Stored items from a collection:

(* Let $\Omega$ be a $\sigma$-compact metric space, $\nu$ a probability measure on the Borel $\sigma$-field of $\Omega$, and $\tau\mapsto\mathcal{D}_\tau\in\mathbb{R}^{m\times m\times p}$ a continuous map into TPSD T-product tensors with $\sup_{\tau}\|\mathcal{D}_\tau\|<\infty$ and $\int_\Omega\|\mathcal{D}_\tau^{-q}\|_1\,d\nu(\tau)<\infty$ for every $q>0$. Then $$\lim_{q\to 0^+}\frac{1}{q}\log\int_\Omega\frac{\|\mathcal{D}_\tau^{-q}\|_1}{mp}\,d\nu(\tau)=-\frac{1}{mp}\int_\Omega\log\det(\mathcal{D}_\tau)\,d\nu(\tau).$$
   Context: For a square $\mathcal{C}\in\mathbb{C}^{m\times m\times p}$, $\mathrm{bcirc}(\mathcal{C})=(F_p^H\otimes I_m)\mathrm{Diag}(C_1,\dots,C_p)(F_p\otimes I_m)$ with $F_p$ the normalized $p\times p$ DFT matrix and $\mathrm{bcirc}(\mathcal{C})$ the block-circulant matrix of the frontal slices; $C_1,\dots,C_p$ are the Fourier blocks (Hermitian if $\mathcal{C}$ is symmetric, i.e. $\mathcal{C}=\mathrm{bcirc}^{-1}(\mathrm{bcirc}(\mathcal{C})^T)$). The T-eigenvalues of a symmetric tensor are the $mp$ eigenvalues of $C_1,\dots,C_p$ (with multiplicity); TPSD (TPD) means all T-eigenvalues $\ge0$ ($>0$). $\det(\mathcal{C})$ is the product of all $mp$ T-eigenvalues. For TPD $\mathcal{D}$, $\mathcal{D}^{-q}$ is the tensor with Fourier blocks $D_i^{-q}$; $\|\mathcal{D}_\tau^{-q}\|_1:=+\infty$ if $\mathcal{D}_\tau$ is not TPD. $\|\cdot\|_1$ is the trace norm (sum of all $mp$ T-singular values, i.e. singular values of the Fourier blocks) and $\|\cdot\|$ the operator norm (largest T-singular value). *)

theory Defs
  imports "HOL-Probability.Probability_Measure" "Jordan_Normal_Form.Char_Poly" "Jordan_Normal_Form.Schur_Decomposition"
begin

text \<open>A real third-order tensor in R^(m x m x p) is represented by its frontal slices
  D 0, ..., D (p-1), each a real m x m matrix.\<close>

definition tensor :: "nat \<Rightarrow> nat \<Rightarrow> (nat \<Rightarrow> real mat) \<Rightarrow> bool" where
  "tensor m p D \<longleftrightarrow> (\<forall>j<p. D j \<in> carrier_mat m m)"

§ **Problem to work on**: Copy out the records once more, with nothing altered.

§ **Solution to this exercise**:
(* Let $\Omega$ be a $\sigma$-compact metric space, $\nu$ a probability measure on the Borel $\sigma$-field of $\Omega$, and $\tau\mapsto\mathcal{D}_\tau\in\mathbb{R}^{m\times m\times p}$ a continuous map into TPSD T-product tensors with $\sup_{\tau}\|\mathcal{D}_\tau\|<\infty$ and $\int_\Omega\|\mathcal{D}_\tau^{-q}\|_1\,d\nu(\tau)<\infty$ for every $q>0$. Then $$\lim_{q\to 0^+}\frac{1}{q}\log\int_\Omega\frac{\|\mathcal{D}_\tau^{-q}\|_1}{mp}\,d\nu(\tau)=-\frac{1}{mp}\int_\Omega\log\det(\mathcal{D}_\tau)\,d\nu(\tau).$$
   Context: For a square $\mathcal{C}\in\mathbb{C}^{m\times m\times p}$, $\mathrm{bcirc}(\mathcal{C})=(F_p^H\otimes I_m)\mathrm{Diag}(C_1,\dots,C_p)(F_p\otimes I_m)$ with $F_p$ the normalized $p\times p$ DFT matrix and $\mathrm{bcirc}(\mathcal{C})$ the block-circulant matrix of the frontal slices; $C_1,\dots,C_p$ are the Fourier blocks (Hermitian if $\mathcal{C}$ is symmetric, i.e. $\mathcal{C}=\mathrm{bcirc}^{-1}(\mathrm{bcirc}(\mathcal{C})^T)$). The T-eigenvalues of a symmetric tensor are the $mp$ eigenvalues of $C_1,\dots,C_p$ (with multiplicity); TPSD (TPD) means all T-eigenvalues $\ge0$ ($>0$). $\det(\mathcal{C})$ is the product of all $mp$ T-eigenvalues. For TPD $\mathcal{D}$, $\mathcal{D}^{-q}$ is the tensor with Fourier blocks $D_i^{-q}$; $\|\mathcal{D}_\tau^{-q}\|_1:=+\infty$ if $\mathcal{D}_\tau$ is not TPD. $\|\cdot\|_1$ is the trace norm (sum of all $mp$ T-singular values, i.e. singular values of the Fourier blocks) and $\|\cdot\|$ the operator norm (largest T-singular value). *)

theory Defs
  imports "HOL-Probability.Probability_Measure" "Jordan_Normal_Form.Char_Poly" "Jordan_Normal_Form.Schur_Decomposition"
begin

text \<open>A real third-order tensor in R^(m x m x p) is represented by its frontal slices
  D 0, ..., D (p-1), each a real m x m matrix.\<close>

definition tensor :: "nat \<Rightarrow> nat \<Rightarrow> (nat \<Rightarrow> real mat) \<Rightarrow> bool" where
  "tensor m p D \<longleftrightarrow> (\<forall>j<p. D j \<in> carrier_mat m m)"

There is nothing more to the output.